lemma shifts_in_edge:
  assumes "i < n" "j < n" "ends e = (r i, act s (r j)) \<or> ends e = (act s (r j), r i)"
  shows "s \<in> shifts"
proof -
  have "e \<in> {e. ends e = (r i, act s (r j))} \<union> {e. ends e = (act s (r j), r i)}"
    using assms(3) by blast
  hence "0 < coef i j s"
    unfolding coef_def edge_mult_def using finite_edges_from_to
    by (auto simp: card_gt_0_iff)
  thus ?thesis unfolding shifts_def using assms(1,2) by blast
qed

lemma finite_shifts: "finite shifts"
proof (rule finite_subset)
  show "shifts \<subseteq> (\<lambda>e. snd (coord (snd (ends e)))) ` (\<Union>i<n. out_edges (r i))
      \<union> (\<lambda>e. snd (coord (fst (ends e)))) ` (\<Union>i<n. in_edges (r i))"
  proof
    fix s assume "s \<in> shifts"
    then obtain i j where ij: "i < n" "j < n" and
      "card {e. ends e = (r i, act s (r j))} \<noteq> 0 \<or> card {e. ends e = (act s (r j), r i)} \<noteq> 0"
      unfolding shifts_def coef_def edge_mult_def by auto
    then consider e where "ends e = (r i, act s (r j))" | e where "ends e = (act s (r j), r i)"
      by (metis (mono_tags, lifting) card.empty empty_Collect_eq)
    thus "s \<in> (\<lambda>e. snd (coord (snd (ends e)))) ` (\<Union>i<n. out_edges (r i))
      \<union> (\<lambda>e. snd (coord (fst (ends e)))) ` (\<Union>i<n. in_edges (r i))"
    proof cases
      case (1 e)
      hence "coord (snd (ends e)) = (j, s)" "e \<in> out_edges (r i)"
        using coord_eq_iff[OF ij(2)] by (auto simp: out_edges_def)
      thus ?thesis using ij(1) by (intro UnI1 image_eqI[of _ _ e]) auto
    next
      case (2 e)
      hence "coord (fst (ends e)) = (j, s)" "e \<in> in_edges (r i)"
        using coord_eq_iff[OF ij(2)] by (auto simp: in_edges_def)
      thus ?thesis using ij(1) by (intro UnI2 image_eqI[of _ _ e]) auto
    qed
  qed
qed (use finite_out_edges finite_in_edges in auto)

lemma sum_edges_at_lift:
  assumes i: "i < n"
  shows "(\<Sum>e\<in>out_edges (r i). \<phi> (coord (snd (ends e))))
       + (\<Sum>e\<in>in_edges (r i). \<phi> (coord (fst (ends e))))
     = (\<Sum>j<n. \<Sum>s\<in>shifts. of_nat (coef i j s) * (\<phi> (j, s) :: 'a::comm_semiring_1))"
proof -
  have fin: "finite ({..<n} \<times> shifts)" using finite_shifts by simp
  have fibre_out: "{e\<in>out_edges (r i). coord (snd (ends e)) = (j, s)} = {e. ends e = (r i, act s (r j))}"
    and fibre_in: "{e\<in>in_edges (r i). coord (fst (ends e)) = (j, s)} = {e. ends e = (act s (r j), r i)}"
    if "j < n" for j s
    using coord_eq_iff[OF that] by (auto simp: out_edges_def in_edges_def prod_eq_iff)
  have "coord (snd (ends e)) \<in> {..<n} \<times> shifts" if e: "e \<in> out_edges (r i)" for e
  proof (cases "coord (snd (ends e))")
    case (Pair j s)
    with coord(1)[of "snd (ends e)"] have j: "j < n" by simp
    with e Pair have "ends e = (r i, act s (r j))" using fibre_out by blast
    thus ?thesis using shifts_in_edge[OF i j] j Pair by auto
  qed
  moreover have "coord (fst (ends e)) \<in> {..<n} \<times> shifts" if e: "e \<in> in_edges (r i)" for e
  proof (cases "coord (fst (ends e))")
    case (Pair j s)
    with coord(1)[of "fst (ends e)"] have j: "j < n" by simp
    with e Pair have "ends e = (act s (r j), r i)" using fibre_in by blast
    thus ?thesis using shifts_in_edge[OF i j] j Pair by auto
  qed
  ultimately have out: "(\<lambda>e. coord (snd (ends e))) ` out_edges (r i) \<subseteq> {..<n} \<times> shifts"
    and "in": "(\<lambda>e. coord (fst (ends e))) ` in_edges (r i) \<subseteq> {..<n} \<times> shifts"
    by blast+
  have "(\<Sum>e\<in>out_edges (r i). \<phi> (coord (snd (ends e))))
       + (\<Sum>e\<in>in_edges (r i). \<phi> (coord (fst (ends e))))
     = (\<Sum>p\<in>{..<n} \<times> shifts. (of_nat (card {e\<in>out_edges (r i). coord (snd (ends e)) = p})
          + of_nat (card {e\<in>in_edges (r i). coord (fst (ends e)) = p})) * \<phi> p)"
    unfolding sum_eq_sum_card_fibres[OF finite_out_edges fin out, where \<phi> = \<phi>]
      sum_eq_sum_card_fibres[OF finite_in_edges fin "in", where \<phi> = \<phi>]
    by (simp add: sum.distrib distrib_right)
  also have "\<dots> = (\<Sum>(j, s)\<in>{..<n} \<times> shifts. of_nat (coef i j s) * \<phi> (j, s))"
    by (intro sum.cong) (auto simp: fibre_out fibre_in coef_def edge_mult_def)
  finally show ?thesis by (simp add: sum.cartesian_product)
qed

lemma degree_eq_sum_coef: "i < n \<Longrightarrow> degree_G ends (r i) = (\<Sum>j<n. \<Sum>s\<in>shifts. coef i j s)"
  using sum_edges_at_lift[of i "\<lambda>_. 1::nat"] by (simp add: degree_out_in)

lemma adj_entry_eq_sum_coef:
  assumes i: "i < n" and j: "j < n"
  shows "adj_entry ends act r z i j = (\<Sum>s\<in>shifts. of_nat (coef i j s) * monom_eval z s)"
proof -
  define \<phi> where "\<phi> p = (if fst p = j then monom_eval z (snd p) else 0)" for p :: "nat \<times> (int ^ 'd)"
  have "(\<Sum>s\<in>{s. w = act s (r j)}. monom_eval z s) = \<phi> (coord w)" for w
  proof -
    have "{s. w = act s (r j)} = {s. coord w = (j, s)}"
      using coord_eq_iff[OF j, of w] by simp
    also have "\<dots> = (if fst (coord w) = j then {snd (coord w)} else {})"
      by (cases "coord w") auto
    finally have "{s. w = act s (r j)} = (if fst (coord w) = j then {snd (coord w)} else {})" .
    thus ?thesis unfolding \<phi>_def by simp
  qed
  hence "adj_entry ends act r z i j
      = (\<Sum>e\<in>out_edges (r i). \<phi> (coord (snd (ends e)))) + (\<Sum>e\<in>in_edges (r i). \<phi> (coord (fst (ends e))))"
    unfolding adj_entry_def out_edges_def in_edges_def by simp
  also have "\<dots> = (\<Sum>k<n. \<Sum>s\<in>shifts. of_nat (coef i k s) * \<phi> (k, s))"
    by (rule sum_edges_at_lift[OF i])
  also have "\<dots> = (\<Sum>k<n. if k = j then \<Sum>s\<in>shifts. of_nat (coef i j s) * monom_eval z s else 0)"
    by (intro sum.cong) (auto simp: \<phi>_def)
  also have "\<dots> = (\<Sum>s\<in>shifts. of_nat (coef i j s) * monom_eval z s)"
    using j by simp
  finally show ?thesis .
qed

abbreviation L :: "complex ^ 'd \<Rightarrow> nat \<Rightarrow> nat \<Rightarrow> complex" where
  "L z \<equiv> laplacian_entry ends act r z"

lemma laplacian_entry_eq:
  "i < n \<Longrightarrow> j < n \<Longrightarrow> L z i j =
     (if i = j then of_nat (degree_G ends (r i)) else 0) - (\<Sum>s\<in>shifts. of_nat (coef i j s) * monom_eval z s)"
  unfolding laplacian_entry_def adj_entry_eq_sum_coef ..

lemma Delta0_eq_det: "Delta0 ends act n r z = Determinant.det (Matrix.mat n n (\<lambda>(i, j). L z i j))"
proof -
  have "Determinant.det (Matrix.mat n n (\<lambda>(i, j). L z i j)) =
      (\<Sum>p \<in> {p. p permutes {0..<n}}. signof p * (\<Prod>i = 0..<n. L z i (p i)))"
    by (subst det_def'[where n = n]) (auto intro!: sum.cong prod.cong simp: permutes_def)
  thus ?thesis unfolding Delta0_def by (simp add: atLeast0LessThan)
qed

end

definition on_torus :: "complex ^ 'd::finite \<Rightarrow> bool" where
  "on_torus z \<longleftrightarrow> (\<forall>k. cmod (z $ k) = 1)"

lemma norm_monom_eval: "on_torus z \<Longrightarrow> cmod (monom_eval z s) = 1"
  unfolding monom_eval_def on_torus_def prod_norm[symmetric] by (simp add: norm_power_int)

lemma cnj_monom_eval:
  assumes "on_torus z"
  shows "cnj (monom_eval z s) = monom_eval z (- s)"
proof -
  have "cnj ((z $ k) powi (s $ k)) = (z $ k) powi (- (s $ k))" for k
    using assms unfolding on_torus_def by (metis complex_cnj_power_int divide_conv_cnj inverse_eq_divide mult_1
      power_int_inverse power_int_minus)
  thus ?thesis unfolding monom_eval_def cnj_prod by simp
qed

lemma monom_eval_add:
  fixes z :: "complex ^ 'd::finite"
  shows "(\<And>k. z $ k \<noteq> 0) \<Longrightarrow> monom_eval z (s + t) = monom_eval z s * monom_eval z t"
  unfolding monom_eval_def prod.distrib[symmetric] by (simp add: power_int_add)

lemma monom_eval_zero: "monom_eval (z :: complex ^ 'd::finite) 0 = 1"
  unfolding monom_eval_def by simp

lemma monom_eval_axis: "monom_eval (z :: complex ^ 'd::finite) (axis k 1) = z $ k"
proof -
  have "(z $ k') powi (axis k 1 $ k') = (if k' = k then z $ k else 1)" for k'
    by (simp add: axis_def)
  thus ?thesis unfolding monom_eval_def by (simp add: prod.delta)
qed

context periodic_graph
begin

lemma translates_into_lifts: "{t. act t v \<in> r ` {..<n}} = {- snd (coord v)}"
proof -
  have "act t v \<in> r ` {..<n} \<longleftrightarrow> (\<exists>j<n. coord v = (j, - t))" for t
    using coord_eq_iff free_action_neg_cancel[OF free_act] free_action_cancel_neg[OF free_act]
    by (auto simp: image_iff) metis+
  thus ?thesis using coord(1)[of v] by (auto simp: prod_eq_iff)
qed

lemma card_incidences_at_lifts:
  "card {t. fst (ends (acte t e)) \<in> r ` {..<n}} + card {t. snd (ends (acte t e)) \<in> r ` {..<n}} = 2"
proof -
  have "card {t. fst (ends (acte t e)) \<in> r ` {..<n}} + card {t. snd (ends (acte t e)) \<in> r ` {..<n}}
      = card {t. act t (fst (ends e)) \<in> r ` {..<n}} + card {t. act t (snd (ends e)) \<in> r ` {..<n}}"
  proof (rule card_add_card_eq_if_pointwise_swapped)
    show "finite {t. act t (fst (ends e)) \<in> r ` {..<n}}" "finite {t. act t (snd (ends e)) \<in> r ` {..<n}}"
      unfolding translates_into_lifts by simp_all
    show "(fst (ends (acte t e)) \<in> r ` {..<n} \<longleftrightarrow> act t (fst (ends e)) \<in> r ` {..<n})
        \<and> (snd (ends (acte t e)) \<in> r ` {..<n} \<longleftrightarrow> act t (snd (ends e)) \<in> r ` {..<n})
      \<or> (fst (ends (acte t e)) \<in> r ` {..<n} \<longleftrightarrow> act t (snd (ends e)) \<in> r ` {..<n})
        \<and> (snd (ends (acte t e)) \<in> r ` {..<n} \<longleftrightarrow> act t (fst (ends e)) \<in> r ` {..<n})" for t
      using automorphisms unfolding acts_by_automorphisms_def by (metis fst_conv snd_conv)
  qed
  thus ?thesis unfolding translates_into_lifts by simp
qed

lemma card_edge_orbit_slice:
  "card {e'. Q (ends e') \<and> orbit acte e' = orbit acte e} = card {t. Q (ends (acte t e))}"
proof -
  have "{e'. Q (ends e') \<and> orbit acte e' = orbit acte e} = (\<lambda>t. acte t e) ` {t. Q (ends (acte t e))}"
  proof (intro Set.set_eqI iffI)
    fix e' assume "e' \<in> {e'. Q (ends e') \<and> orbit acte e' = orbit acte e}"
    moreover from this have "e' \<in> orbit acte e" using mem_orbit_self[OF free_acte, of e'] by simp
    ultimately show "e' \<in> (\<lambda>t. acte t e) ` {t. Q (ends (acte t e))}" unfolding orbit_def by auto
  qed (auto simp: orbit_act[OF free_acte])
  moreover have "inj (\<lambda>t. acte t e)"
    by (auto simp: inj_on_def free_action_eq_iff[OF free_acte])
  ultimately show ?thesis by (simp add: card_image inj_on_subset)
qed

**Your instructions:**
For every line above that includes the string "longleftrightarrow", copy the line.

**Solution below:**
  "on_torus z \<longleftrightarrow> (\<forall>k. cmod (z $ k) = 1)"
  have "act t v \<in> r ` {..<n} \<longleftrightarrow> (\<exists>j<n. coord v = (j, - t))" for t
    show "(fst (ends (acte t e)) \<in> r ` {..<n} \<longleftrightarrow> act t (fst (ends e)) \<in> r ` {..<n})
        \<and> (snd (ends (acte t e)) \<in> r ` {..<n} \<longleftrightarrow> act t (snd (ends e)) \<in> r ` {..<n})
      \<or> (fst (ends (acte t e)) \<in> r ` {..<n} \<longleftrightarrow> act t (snd (ends e)) \<in> r ` {..<n})
        \<and> (snd (ends (acte t e)) \<in> r ` {..<n} \<longleftrightarrow> act t (fst (ends e)) \<in> r ` {..<n})" for t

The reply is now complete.